最上階の図書室からの眺めは、最高だと思う。
開け放った窓から涼しい風が入り込み、初夏の熱で上がった室温を少しだけ下げる。
ぱたん、と本が倒れる音がする。配架をしていた図書委員の谷秀太は、ふう、と息を吐いて倒れた本を元に戻した。
今日はとても静かだった。放課後の時間帯では珍しい。テスト期間だからだろうか。
普段は外から運動部の声が聞こえてくる。その声も今はまったく聞こえてこない。たまにちろちろと鳥の鳴き声が聞こえてくるだけだ。
配架を終え、窓際の席に座る。天気の良い日はここでぼうっとするのが秀太の日課だった。
ここはどこだろうか。見たことのない景色が眼前に広がる。
晴天なのに、気持ちが悪くなるような青空。うっすらと灰色に濁った雲。それとは対照的に、足元には無数の美しい花たちが風に揺られている。
風は吹いているのだろうが、皮膚を撫でるような感覚がない。元々触覚など存在しないような気分に陥る。
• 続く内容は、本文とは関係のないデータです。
lemma strong_approx_sum_measure:
  assumes "strong_approx \<eta>1 \<gamma>1 E En" and "strong_approx \<eta>2 \<gamma>2 E En"
  shows "strong_approx (sum_measure \<eta>1 \<eta>2) (\<lambda>l. case_sum (\<gamma>1 l) (\<gamma>2 l)) E En"
  unfolding strong_approx_def
proof
  fix v
  define d where "d n f = ennreal ((cnorm (spint (En n) f v - spint E f v))\<^sup>2)" for n f
  have "(\<lambda>n. (\<integral>\<^sup>+ s. d n (\<lambda>l. \<gamma>1 l s) \<partial>\<eta>1) + (\<integral>\<^sup>+ s. d n (\<lambda>l. \<gamma>2 l s) \<partial>\<eta>2)) \<longlonglongrightarrow> 0 + 0"
    using assms unfolding strong_approx_def d_def by (intro tendsto_add) auto
  then have lim: "(\<lambda>n. (\<integral>\<^sup>+ s. d n (\<lambda>l. \<gamma>1 l s) \<partial>\<eta>1) + (\<integral>\<^sup>+ s. d n (\<lambda>l. \<gamma>2 l s) \<partial>\<eta>2)) \<longlonglongrightarrow> 0"
    by simp
  have le: "(\<integral>\<^sup>+ t. d n (\<lambda>l. case_sum (\<gamma>1 l) (\<gamma>2 l) t) \<partial>sum_measure \<eta>1 \<eta>2)
      \<le> (\<integral>\<^sup>+ s. d n (\<lambda>l. \<gamma>1 l s) \<partial>\<eta>1) + (\<integral>\<^sup>+ s. d n (\<lambda>l. \<gamma>2 l s) \<partial>\<eta>2)" for n
    using nn_integral_sum_measure_le[of \<eta>1 \<eta>2 "\<lambda>t. d n (\<lambda>l. case_sum (\<gamma>1 l) (\<gamma>2 l) t)"] by simp
  show "(\<lambda>n. \<integral>\<^sup>+ t. d n (\<lambda>l. case_sum (\<gamma>1 l) (\<gamma>2 l) t) \<partial>sum_measure \<eta>1 \<eta>2) \<longlonglongrightarrow> 0"
    by (rule tendsto_sandwich[OF always_eventually always_eventually tendsto_const lim])
      (simp_all add: le)
qed

lemma in_Ars_add:
  assumes "in_Ars TYPE('a) E En \<phi>" and "in_Ars TYPE('b) E En \<psi>"
  shows "in_Ars TYPE('a + 'b) E En (\<lambda>l m. \<phi> l m + \<psi> l m)"
proof -
  obtain \<eta>1 :: "'a measure" and \<alpha>1 \<beta>1
    where 1: "admissible_rep \<eta>1 \<alpha>1 \<beta>1 \<phi>" "strong_approx \<eta>1 \<alpha>1 E En"
    using assms(1) unfolding in_Ars_def by blast
  obtain \<eta>2 :: "'b measure" and \<alpha>2 \<beta>2
    where 2: "admissible_rep \<eta>2 \<alpha>2 \<beta>2 \<psi>" "strong_approx \<eta>2 \<alpha>2 E En"
    using assms(2) unfolding in_Ars_def by blast
  show ?thesis
    unfolding in_Ars_def
    using admissible_rep_sum_measure[OF 1(1) 2(1)] strong_approx_sum_measure[OF 1(2) 2(2)] by blast
qed

lemma in_Als_add:
  assumes "in_Als TYPE('a) E En \<phi>" and "in_Als TYPE('b) E En \<psi>"
  shows "in_Als TYPE('a + 'b) E En (\<lambda>l m. \<phi> l m + \<psi> l m)"
proof -
  obtain \<eta>1 :: "'a measure" and \<alpha>1 \<beta>1
    where 1: "admissible_rep \<eta>1 \<alpha>1 \<beta>1 \<phi>" "strong_approx \<eta>1 \<beta>1 E En"
    using assms(1) unfolding in_Als_def by blast
  obtain \<eta>2 :: "'b measure" and \<alpha>2 \<beta>2
    where 2: "admissible_rep \<eta>2 \<alpha>2 \<beta>2 \<psi>" "strong_approx \<eta>2 \<beta>2 E En"
    using assms(2) unfolding in_Als_def by blast
  show ?thesis
    unfolding in_Als_def
    using admissible_rep_sum_measure[OF 1(1) 2(1)] strong_approx_sum_measure[OF 1(2) 2(2)] by blast
qed

theorem proposition3p1:
  fixes A B :: "'h::chs_chilbert op"
    and An Bn :: "nat \<Rightarrow> 'h op"
    and \<phi> \<psi> :: "real \<Rightarrow> real \<Rightarrow> complex"
  assumes "separable_ch (UNIV :: 'h set)"
    and "self_adjoint A" and "self_adjoint B"
    and "\<forall>n. self_adjoint (An n)" and "\<forall>n. self_adjoint (Bn n)"
  shows "(in_Ars TYPE('a) (spectral_measure A) (\<lambda>n. spectral_measure (An n)) \<phi> \<and>
          in_Ars TYPE('b) (spectral_measure A) (\<lambda>n. spectral_measure (An n)) \<psi> \<longrightarrow>
          in_Ars TYPE('a + 'b) (spectral_measure A) (\<lambda>n. spectral_measure (An n)) (\<lambda>l m. \<phi> l m + \<psi> l m))
       \<and> (in_Als TYPE('c) (spectral_measure B) (\<lambda>n. spectral_measure (Bn n)) \<phi> \<and>
          in_Als TYPE('d) (spectral_measure B) (\<lambda>n. spectral_measure (Bn n)) \<psi> \<longrightarrow>
          in_Als TYPE('c + 'd) (spectral_measure B) (\<lambda>n. spectral_measure (Bn n)) (\<lambda>l m. \<phi> l m + \<psi> l m))"
  using in_Ars_add in_Als_add by blast

end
ここはどこだろう。もう一度考えてみる。懐かしいような、しかし嫌悪するような、不思議な感覚なのだ。
ふと、視界の隅で何かが動いた。慌てて振り返る。
そこにいたのは、髪の長い……
「谷くん?もう、閉館の時間だけど」
司書の小川明子が声をかけた。秀太は慌てて顔を上げる。いつの間にか眠ってしまっていたようだ。
先ほどの景色は夢だろうか?
時計の針は5時半過ぎを示していた。先ほどまで晴れていたはずの空は、いつの間にか灰色の絵の具で塗りつぶしたような雲に覆われていた。
「うわっ、すみません。すぐに帰ります」
「気を付けて帰ってね」
帰路を急ぐ秀太の頬を、初夏には似合わない冷たい風が掠めて通り過ぎていった。